Jeff Janes <jeff.janes@gmail.com> writes:
> It looks to me like the SIGQUIT from the postmaster is simply getting
> lost. And from what little I understand of signal handling, this is a
> known race with system(3). The archive_command, child of archiver,
> exits before it can receive the signal sent to the entire archiver
> process group, so it doesn't set its exit status to show it was
> signalled. But the signal sent directly to the archiver reaches it
> while it is still ignoring SIGQUITs.
Ugh.
> If the SIGQUIT is getting lost in a race, could it just be blocked
> during the system(3) call?
> I don't know what happens if you call system(3) with SIGQUIT being blocked.

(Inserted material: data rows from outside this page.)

lemma phi_le_threshold_cover:
  assumes "comb_channel A" and "\<forall>y. t y \<ge> 0"
  shows "phi A t y \<le> threshold_cover A t d y"
proof -
  have "nbhd A y \<noteq> {}" using assms(1) by (auto simp: comb_channel_def nbhd_def)
  then have "Min (mvec A t ` nbhd A y) \<in> mvec A t ` nbhd A y" by (intro Min_in) auto
  then obtain x where x: "A x y = 1" "Min (mvec A t ` nbhd A y) = mvec A t x"
    by (auto simp: nbhd_def)
  have "t y * (1 / mvec A t x) \<le> t y * (1 / d + max (1 / mvec A t x - 1 / d) 0)"
    using assms(2) by (intro mult_left_mono) auto
  then show ?thesis
    using threshold_cover_ge_term[where A = A and t = t and d = d and x = x and y = y] x(1) assms(2) x(2) by (simp add: phi_def)
qed

lemma threshold_pos:
  assumes "\<forall>y. t y \<ge> 0" and "\<forall>x. mvec A t x > 0"
    and "(\<Sum>y\<in>UNIV. t y) \<le> (\<Sum>x | mvec A t x \<le> d. mvec A t x)"
  shows "d > 0"
proof (rule ccontr)
  assume "\<not> d > 0"
  then have "d < mvec A t x" for x using assms(2)[rule_format, of x] by linarith
  then have "{x. mvec A t x \<le> d} = {}" by (simp add: not_le)
  then have "(\<Sum>y\<in>UNIV. t y) \<le> 0" using assms(3) by simp
  moreover have "(\<Sum>y\<in>UNIV. t y) \<ge> 0" using assms(1) by (simp add: sum_nonneg)
  ultimately have "(\<Sum>y\<in>UNIV. t y) = 0" by linarith
  then have "\<forall>y\<in>UNIV. t y = 0" using assms(1) sum_nonneg_eq_0_iff[of UNIV t] by simp
  then show False using assms(2) by (simp add: mvec_def)
qed

theorem theorem4:
  fixes A :: "'x::finite \<Rightarrow> 'y::finite \<Rightarrow> real"
    and t :: "'y \<Rightarrow> real" and d :: real
    and Xm X0 :: "'x set" and z :: "'y \<Rightarrow> real"
  assumes chan: "comb_channel A"
    and tnn: "\<forall>y. t y \<ge> 0"
    and Atpos: "\<forall>x. mvec A t x > 0"
    and Xm_def: "Xm = {x. mvec A t x < d}"
    and X0_def: "X0 = {x. mvec A t x = d}"
    and low: "(\<Sum>x\<in>Xm. mvec A t x) \<le> (\<Sum>y\<in>UNIV. t y)"
    and up: "(\<Sum>y\<in>UNIV. t y) \<le> (\<Sum>x\<in>Xm \<union> X0. mvec A t x)"
    and z_def: "\<forall>y. z y = t y * (1 / d + (\<Sum>x\<in>nbhd A y. max (1 / mvec A t x - 1 / d) 0))"
  shows "kappa_feasible A z \<and> p_dsu A t = (\<Sum>y\<in>UNIV. z y)
         \<and> (\<forall>y. phi A t y \<le> z y) \<and> kappa_ldu A t \<le> p_dsu A t"
proof -
  have z: "z = threshold_cover A t d" using z_def by (simp add: fun_eq_iff threshold_cover_def)
  have "Xm \<union> X0 = {x. mvec A t x \<le> d}" by (auto simp: Xm_def X0_def)
  then have up': "(\<Sum>y\<in>UNIV. t y) \<le> (\<Sum>x | mvec A t x \<le> d. mvec A t x)" using up by simp
  have low': "(\<Sum>x | mvec A t x < d. mvec A t x) \<le> (\<Sum>y\<in>UNIV. t y)" using low Xm_def by simp
  have "d > 0" using threshold_pos[OF tnn Atpos up'] .
  have dsu_value: "p_dsu A t = (\<Sum>y\<in>UNIV. z y)"
    using p_dsu_eq_threshold_value[OF \<open>d > 0\<close> low' up'] sum_threshold_cover[OF chan Atpos \<open>d > 0\<close>]
    by (simp add: z)
  have dominates: "\<forall>y. phi A t y \<le> z y"
    using phi_le_threshold_cover[OF chan tnn] by (simp add: z)
  then have "kappa_ldu A t \<le> p_dsu A t"
    unfolding kappa_ldu_def dsu_value by (intro sum_mono) auto
  then show ?thesis
    using threshold_cover_feasible[OF chan tnn Atpos \<open>d > 0\<close>] dsu_value dominates by (simp add: z)
qed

On my machine, man system(3) saith:
system() ignores the SIGINT and SIGQUIT signals, and blocks the SIGCHLD signal, while waiting for the command to
terminate. If this might cause the application to miss a signal that would have killed it, the application should
examinethe return value from system() and take whatever action is appropriate to the application if the command
terminateddue to receipt of a signal.
Now, the code that directly calls system(), namely pgarch_archiveXlog(),
knows this perfectly well, as per the comment at lines 590ff in HEAD.
However, the code that *calls* it did not get the memo :-(, and appears
to be willing to retry regardless.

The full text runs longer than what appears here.